◆ Task brief
Beginning with the line that holds "transpose_mat B) *" in the data below, give again every line through the one that holds "Suc.prems by simp", exactly as written.

◆ Data listing

lemma mem_proots_char_poly_iff:
  fixes A :: "real mat"
  assumes A: "A \<in> carrier_mat n n"
  shows "r \<in># proots (char_poly A) \<longleftrightarrow> (\<exists>v. v \<in> carrier_vec n \<and> v \<noteq> 0\<^sub>v n \<and> A *\<^sub>v v = r \<cdot>\<^sub>v v)"
proof -
  have "char_poly A \<noteq> 0" using degree_monic_char_poly[OF A] by (metis coeff_0 zero_neq_one)
  hence "r \<in># proots (char_poly A) \<longleftrightarrow> eigenvalue A r" using eigenvalue_root_char_poly[OF A] by simp
  thus ?thesis using A unfolding eigenvalue_def eigenvector_def by auto
qed

text \<open>The Hermitian form \<open>v\<^sup>* A v\<close> is real and equals \<open>a v\<^sup>* v\<close> with \<open>v\<^sup>* v > 0\<close>.\<close>

lemma complex_eigenvalue_of_sym_mat_is_real:
  fixes A :: "real mat"
  assumes A: "A \<in> carrier_mat n n" and sym: "transpose_mat A = A"
    and v: "v \<in> carrier_vec n" "v \<noteq> 0\<^sub>v n"
    and ev: "map_mat complex_of_real A *\<^sub>v v = a \<cdot>\<^sub>v v"
  shows "cnj a = a"
proof -
  have Aij: "A $$ (i, j) = A $$ (j, i)" if "i < n" "j < n" for i j
    using arg_cong[OF sym, of "\<lambda>B. B $$ (j, i)"] A that by simp
  have row: "(\<Sum>j<n. of_real (A $$ (i, j)) * v $ j) = a * v $ i" if i: "i < n" for i
    using arg_cong[OF ev, of "\<lambda>x. x $ i"] i A v by (simp add: scalar_prod_def row_def lessThan_atLeast0)
  define s where "s = (\<Sum>i<n. cnj (v $ i) * (\<Sum>j<n. of_real (A $$ (i, j)) * v $ j))"
  define r where "r = (\<Sum>i<n. cnj (v $ i) * v $ i)"
  have "s = (\<Sum>i<n. cnj (v $ i) * (a * v $ i))"
    unfolding s_def by (intro sum.cong) (simp_all add: row)
  hence "s = a * r" by (simp add: r_def sum_distrib_left algebra_simps)
  moreover have "cnj s = s"
  proof -
    have "cnj s = (\<Sum>i<n. \<Sum>j<n. v $ i * of_real (A $$ (i, j)) * cnj (v $ j))"
      unfolding s_def by (simp add: sum_distrib_left algebra_simps)
    also have "\<dots> = (\<Sum>j<n. \<Sum>i<n. v $ i * of_real (A $$ (i, j)) * cnj (v $ j))"
      by (rule sum.swap)
    also have "\<dots> = s"
      unfolding s_def sum_distrib_left by (intro sum.cong refl) (auto simp: Aij algebra_simps)
    finally show ?thesis .
  qed
  moreover have "r \<noteq> 0" "cnj r = r"
  proof -
    define R where "R = (\<Sum>i<n. (cmod (v $ i))\<^sup>2)"
    have rR: "r = of_real R"
      unfolding r_def R_def by (simp add: complex_mult_cnj cmod_def power2_eq_square mult.commute)
    obtain i where i: "i < n" "v $ i \<noteq> 0"
      using v by (metis eq_vecI carrier_vecD index_zero_vec)
    have "(cmod (v $ i))\<^sup>2 \<le> R"
      unfolding R_def by (rule member_le_sum) (use i in auto)
    moreover have "(cmod (v $ i))\<^sup>2 > 0" using i by simp
    ultimately show "r \<noteq> 0" "cnj r = r" unfolding rR by auto
  qed
  ultimately have "cnj a * r = a * r" "r \<noteq> 0" by (metis complex_cnj_mult, simp)
  thus ?thesis by simp
qed

lemma sym_mat_has_unit_eigenvector:
  fixes A :: "real mat"
  assumes A: "A \<in> carrier_mat n n" and sym: "transpose_mat A = A" and n: "0 < n"
  shows "\<exists>lam u. u \<in> carrier_vec n \<and> u \<bullet> u = 1 \<and> A *\<^sub>v u = lam \<cdot>\<^sub>v u"
proof -
  define Ac where "Ac = map_mat complex_of_real A"
  have Ac: "Ac \<in> carrier_mat n n" using A by (simp add: Ac_def)
  obtain as where cp: "char_poly Ac = (\<Prod>a\<leftarrow>as. [:- a, 1:])" and len: "length as = n"
    using char_poly_factorized[OF Ac] by blast
  have "poly (char_poly Ac) (as ! 0) = 0"
    unfolding cp using len n by (auto simp: poly_prod_list_zero_iff)
  then obtain vc where "eigenvector Ac vc (as ! 0)"
    using eigenvalue_root_char_poly[OF Ac] unfolding eigenvalue_def by blast
  hence "cnj (as ! 0) = as ! 0"
    using complex_eigenvalue_of_sym_mat_is_real[OF A sym] Ac unfolding eigenvector_def Ac_def by blast
  hence real: "as ! 0 = of_real (Re (as ! 0))" by (metis Reals_cnj_iff complex_is_Real_iff of_real_Re)
  have "of_real (poly (char_poly A) (Re (as ! 0))) = poly (char_poly Ac) (as ! 0)"
    unfolding Ac_def of_real_hom.char_poly_hom[OF A] by (subst real) (simp only: of_real_hom.poly_map_poly)
  hence "poly (char_poly A) (Re (as ! 0)) = 0" using \<open>poly (char_poly Ac) (as ! 0) = 0\<close> by simp
  then obtain v where v: "v \<in> carrier_vec n" "v \<noteq> 0\<^sub>v n" "A *\<^sub>v v = Re (as ! 0) \<cdot>\<^sub>v v"
    using eigenvalue_root_char_poly[OF A] A unfolding eigenvalue_def eigenvector_def by auto
  define u where "u = (1 / sqrt (v \<bullet> v)) \<cdot>\<^sub>v v"
  have "u \<bullet> u = 1"
    using v scalar_prod_self_gt_0[OF v(1,2)] by (simp add: u_def power2_eq_square[symmetric])
  moreover have "A *\<^sub>v u = Re (as ! 0) \<cdot>\<^sub>v u"
    using v A by (simp add: u_def mult_mat_vec smult_smult_assoc mult.commute)
  ultimately show ?thesis using v by (auto simp: u_def)
qed

lemma sym_mat_block_of_unit_eigenvector:
  fixes A :: "real mat"
  assumes A: "A \<in> carrier_mat (Suc m) (Suc m)" and sym: "transpose_mat A = A"
    and ev: "A *\<^sub>v unit_vec (Suc m) 0 = lam \<cdot>\<^sub>v unit_vec (Suc m) 0"
  defines "A' \<equiv> mat m m (\<lambda>(i, j). A $$ (Suc i, Suc j))"
  shows "A = four_block_mat (mat 1 1 (\<lambda>_. lam)) (0\<^sub>m 1 m) (0\<^sub>m m 1) A'"
    and "transpose_mat A' = A'"
proof -
  have Aij: "A $$ (i, j) = A $$ (j, i)" if "i < Suc m" "j < Suc m" for i j
    using arg_cong[OF sym, of "\<lambda>B. B $$ (j, i)"] A that by simp
  have col0: "A $$ (i, 0) = (if i = 0 then lam else 0)" if i: "i < Suc m" for i
    using arg_cong[OF ev, of "\<lambda>x. x $ i"] i A by (simp add: row_def)
  show "A = four_block_mat (mat 1 1 (\<lambda>_. lam)) (0\<^sub>m 1 m) (0\<^sub>m m 1) A'"
  proof (rule eq_matI)
    fix i j assume "i < dim_row (four_block_mat (mat 1 1 (\<lambda>_. lam)) (0\<^sub>m 1 m) (0\<^sub>m m 1) A')"
      "j < dim_col (four_block_mat (mat 1 1 (\<lambda>_. lam)) (0\<^sub>m 1 m) (0\<^sub>m m 1) A')"
    hence i: "i < Suc m" and j: "j < Suc m" by (auto simp: A'_def)
    show "A $$ (i, j) = four_block_mat (mat 1 1 (\<lambda>_. lam)) (0\<^sub>m 1 m) (0\<^sub>m m 1) A' $$ (i, j)"
    proof (cases "i = 0 \<or> j = 0")
      case True
      thus ?thesis using col0[OF i] col0[OF j] Aij[OF i j] i j by (auto simp: A'_def)
    next
      case False
      then obtain i' j' where "i = Suc i'" "j = Suc j'" by (metis not0_implies_Suc)
      thus ?thesis using i j by (simp add: A'_def)
    qed
  qed (use A in \<open>auto simp: A'_def\<close>)
  show "transpose_mat A' = A'"
    unfolding A'_def by (rule eq_matI) (auto simp: Aij)
qed

lemma block_diag_orthogonal_conj:
  fixes W D :: "real mat"
  assumes W: "W \<in> carrier_mat m m" and D: "D \<in> carrier_mat m m"
    and orth: "transpose_mat W * W = 1\<^sub>m m" and diag: "diagonal_mat D"
    and W'_def: "W' = four_block_mat (1\<^sub>m 1) (0\<^sub>m 1 m) (0\<^sub>m m 1) W"
    and D'_def: "D' = four_block_mat (mat 1 1 (\<lambda>_. lam)) (0\<^sub>m 1 m) (0\<^sub>m m 1) D"
  shows "W' \<in> carrier_mat (Suc m) (Suc m)" "D' \<in> carrier_mat (Suc m) (Suc m)"
    "transpose_mat W' * W' = 1\<^sub>m (Suc m)" "diagonal_mat D'"
    "W' * D' * transpose_mat W'
       = four_block_mat (mat 1 1 (\<lambda>_. lam)) (0\<^sub>m 1 m) (0\<^sub>m m 1) (W * D * transpose_mat W)"
proof -
  have tW': "transpose_mat W' = four_block_mat (1\<^sub>m 1) (0\<^sub>m 1 m) (0\<^sub>m m 1) (transpose_mat W)"
    unfolding W'_def using W by (subst transpose_four_block_mat) auto
  show "W' \<in> carrier_mat (Suc m) (Suc m)" "D' \<in> carrier_mat (Suc m) (Suc m)"
    using W D by (auto simp: W'_def D'_def)
  show "transpose_mat W' * W' = 1\<^sub>m (Suc m)"
    unfolding tW' unfolding W'_def using W orth by (subst mult_four_block_mat[of _ 1 1 _ m _ m]) auto
  show "diagonal_mat D'"
    using diag D unfolding D'_def diagonal_mat_def by auto
  have WD: "W' * D' = four_block_mat (mat 1 1 (\<lambda>_. lam)) (0\<^sub>m 1 m) (0\<^sub>m m 1) (W * D)"
    unfolding W'_def D'_def using W D by (subst mult_four_block_mat[of _ 1 1 _ m _ m]) auto
  show "W' * D' * transpose_mat W'
      = four_block_mat (mat 1 1 (\<lambda>_. lam)) (0\<^sub>m 1 m) (0\<^sub>m m 1) (W * D * transpose_mat W)"
    unfolding tW' WD using W D by (subst mult_four_block_mat[of _ 1 1 _ m _ m]) auto
qed

lemma sym_mat_householder_deflation:
  fixes A :: "real mat"
  assumes A: "A \<in> carrier_mat (Suc m) (Suc m)" and sym: "transpose_mat A = A"
  shows "\<exists>H lam A'. H \<in> carrier_mat (Suc m) (Suc m) \<and> transpose_mat H = H \<and> H * H = 1\<^sub>m (Suc m)
    \<and> A' \<in> carrier_mat m m \<and> transpose_mat A' = A'
    \<and> H * A * H = four_block_mat (mat 1 1 (\<lambda>_. lam)) (0\<^sub>m 1 m) (0\<^sub>m m 1) A'"
proof -
  let ?e = "unit_vec (Suc m) 0"
  obtain lam u where u: "u \<in> carrier_vec (Suc m)" "u \<bullet> u = 1" "A *\<^sub>v u = lam \<cdot>\<^sub>v u"
    using sym_mat_has_unit_eigenvector[OF A sym] by blast
  define H where "H = householder_mat (Suc m) (u - ?e)"
  have H: "H \<in> carrier_mat (Suc m) (Suc m)" "transpose_mat H = H" "H * H = 1\<^sub>m (Suc m)"
    unfolding H_def using u
    by (auto simp: householder_mat_carrier transpose_householder_mat householder_mat_involution)
  have Hu: "H *\<^sub>v u = ?e"
    unfolding H_def using householder_mat_maps_to_unit_vec[OF u(1,2)] by simp
  have He: "H *\<^sub>v ?e = u"
    using arg_cong[OF Hu, of "(*\<^sub>v) H"] H u by (simp flip: assoc_mult_mat_vec)
  have HAH: "H * A * H \<in> carrier_mat (Suc m) (Suc m)" using H A by simp
  have sym': "transpose_mat (H * A * H) = H * A * H"
    using H A sym by (simp add: transpose_mult[of _ "Suc m" "Suc m" _ "Suc m"])
  have ev: "(H * A * H) *\<^sub>v ?e = lam \<cdot>\<^sub>v ?e"
    using H A u He Hu by (simp add: assoc_mult_mat_vec[of _ "Suc m" "Suc m" _ "Suc m"] mult_mat_vec)
  define A' where "A' = mat m m (\<lambda>(i, j). (H * A * H) $$ (Suc i, Suc j))"
  have "H * A * H = four_block_mat (mat 1 1 (\<lambda>_. lam)) (0\<^sub>m 1 m) (0\<^sub>m m 1) A'"
    "transpose_mat A' = A'"
    using sym_mat_block_of_unit_eigenvector[OF HAH sym' ev] unfolding A'_def by blast+
  moreover have "A' \<in> carrier_mat m m" by (simp add: A'_def)
  ultimately show ?thesis using H by blast
qed

theorem sym_mat_spectral_decomposition:
  fixes A :: "real mat"
  assumes "A \<in> carrier_mat n n" "transpose_mat A = A"
  shows "\<exists>W D. W \<in> carrier_mat n n \<and> D \<in> carrier_mat n n
     \<and> transpose_mat W * W = 1\<^sub>m n \<and> W * transpose_mat W = 1\<^sub>m n
     \<and> diagonal_mat D \<and> A = W * D * transpose_mat W"
  using assms
proof (induction n arbitrary: A)
  case 0
  thus ?case by (intro exI[of _ "1\<^sub>m 0"] exI[of _ A]) (auto simp: diagonal_mat_def)
next
  case (Suc m A)
  obtain H lam A' where H: "H \<in> carrier_mat (Suc m) (Suc m)" "transpose_mat H = H" "H * H = 1\<^sub>m (Suc m)"
    and A': "A' \<in> carrier_mat m m" "transpose_mat A' = A'"
    and HAH: "H * A * H = four_block_mat (mat 1 1 (\<lambda>_. lam)) (0\<^sub>m 1 m) (0\<^sub>m m 1) A'"
    using sym_mat_householder_deflation[OF Suc.prems] by blast
  obtain W' D' where W': "W' \<in> carrier_mat m m" "D' \<in> carrier_mat m m"
    "transpose_mat W' * W' = 1\<^sub>m m" "diagonal_mat D'" "A' = W' * D' * transpose_mat W'"
    using Suc.IH[OF A'] by blast
  define B where "B = four_block_mat (1\<^sub>m 1) (0\<^sub>m 1 m) (0\<^sub>m m 1) W'"
  define D where "D = four_block_mat (mat 1 1 (\<lambda>_. lam)) (0\<^sub>m 1 m) (0\<^sub>m m 1) D'"
  note BD = block_diag_orthogonal_conj[OF W'(1-4) B_def D_def, folded W'(5), folded HAH]
  define W where "W = H * B"
  have W: "W \<in> carrier_mat (Suc m) (Suc m)" using H BD by (simp add: W_def)
  have tW: "transpose_mat W = transpose_mat B * H"
    unfolding W_def using H BD by (simp add: transpose_mult)
  note dims = carrier_matD[OF H(1)] carrier_matD[OF BD(1)] carrier_matD[OF BD(2)]
    carrier_matD[OF Suc.prems(1)]
  have "W * D * transpose_mat W = H * (B * D * transpose_mat B) * H"
    unfolding tW unfolding W_def using dims by (simp add: mult_mat_dim_simps)
  also have "\<dots> = (H * H) * A * (H * H)"
    unfolding BD(5) using dims by (simp add: mult_mat_dim_simps)
  also have "\<dots> = A" using H Suc.prems by simp
  finally have "A = W * D * transpose_mat W" ..
  moreover have WtW: "transpose_mat W * W = 1\<^sub>m (Suc m)"
  proof -
    have "transpose_mat W * W = transpose_mat B * (H * H) * B"
      unfolding tW unfolding W_def using dims by (simp add: mult_mat_dim_simps)
    thus ?thesis using H BD by simp
  qed
  moreover have "W * transpose_mat W = 1\<^sub>m (Suc m)"
    using mat_mult_left_right_inverse[OF _ W WtW] W by simp
  ultimately show ?case using W BD by blast
qed

lemma proots_prod_linear_factors: "proots (\<Prod>a\<leftarrow>xs. [:- (a::real), 1:]) = mset xs"
proof (induction xs)
  case (Cons a xs)
  have "(\<Prod>a\<leftarrow>xs. [:- (a::real), 1:]) \<noteq> 0" by (auto simp: prod_list_zero_iff)
  hence "proots (\<Prod>a\<leftarrow>a # xs. [:- a, 1:]) = proots [:- a, 1:] + proots (\<Prod>a\<leftarrow>xs. [:- a, 1:])"
    unfolding list.map prod_list.Cons by (intro proots_mult) auto
  also have "proots [:- a, 1:] = {#a#}" using proots_linear_factor[of "-a"] by simp
  finally show ?case using Cons by simp
qed simp

lemma size_proots_char_poly_sym_mat:
  fixes A :: "real mat"
  assumes A: "A \<in> carrier_mat n n" and sym: "transpose_mat A = A"
  shows "size (proots (char_poly A)) = n"
proof -
  obtain W D where W: "W \<in> carrier_mat n n" "D \<in> carrier_mat n n" "transpose_mat W * W = 1\<^sub>m n"
    "W * transpose_mat W = 1\<^sub>m n" "diagonal_mat D" "A = W * D * transpose_mat W"
    using sym_mat_spectral_decomposition[OF A sym] by blast
  have "similar_mat A D"
    by (rule similar_matI[of A D W "transpose_mat W" n]) (use A W in auto)
  hence "char_poly A = char_poly D" by (rule char_poly_similar)
  also have "\<dots> = (\<Prod>a\<leftarrow>diag_mat D. [:- a, 1:])"
    by (rule char_poly_upper_triangular) (use W in \<open>auto simp: diagonal_mat_def upper_triangular_def\<close>)
  finally have "proots (char_poly A) = mset (diag_mat D)"
    by (simp only: proots_prod_linear_factors)
  thus ?thesis using W(2) by (simp add: diag_mat_def)
qed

◆ Output
  have "W * D * transpose_mat W = H * (B * D * transpose_mat B) * H"
    unfolding tW unfolding W_def using dims by (simp add: mult_mat_dim_simps)
  also have "\<dots> = (H * H) * A * (H * H)"
    unfolding BD(5) using dims by (simp add: mult_mat_dim_simps)
  also have "\<dots> = A" using H Suc.prems by simp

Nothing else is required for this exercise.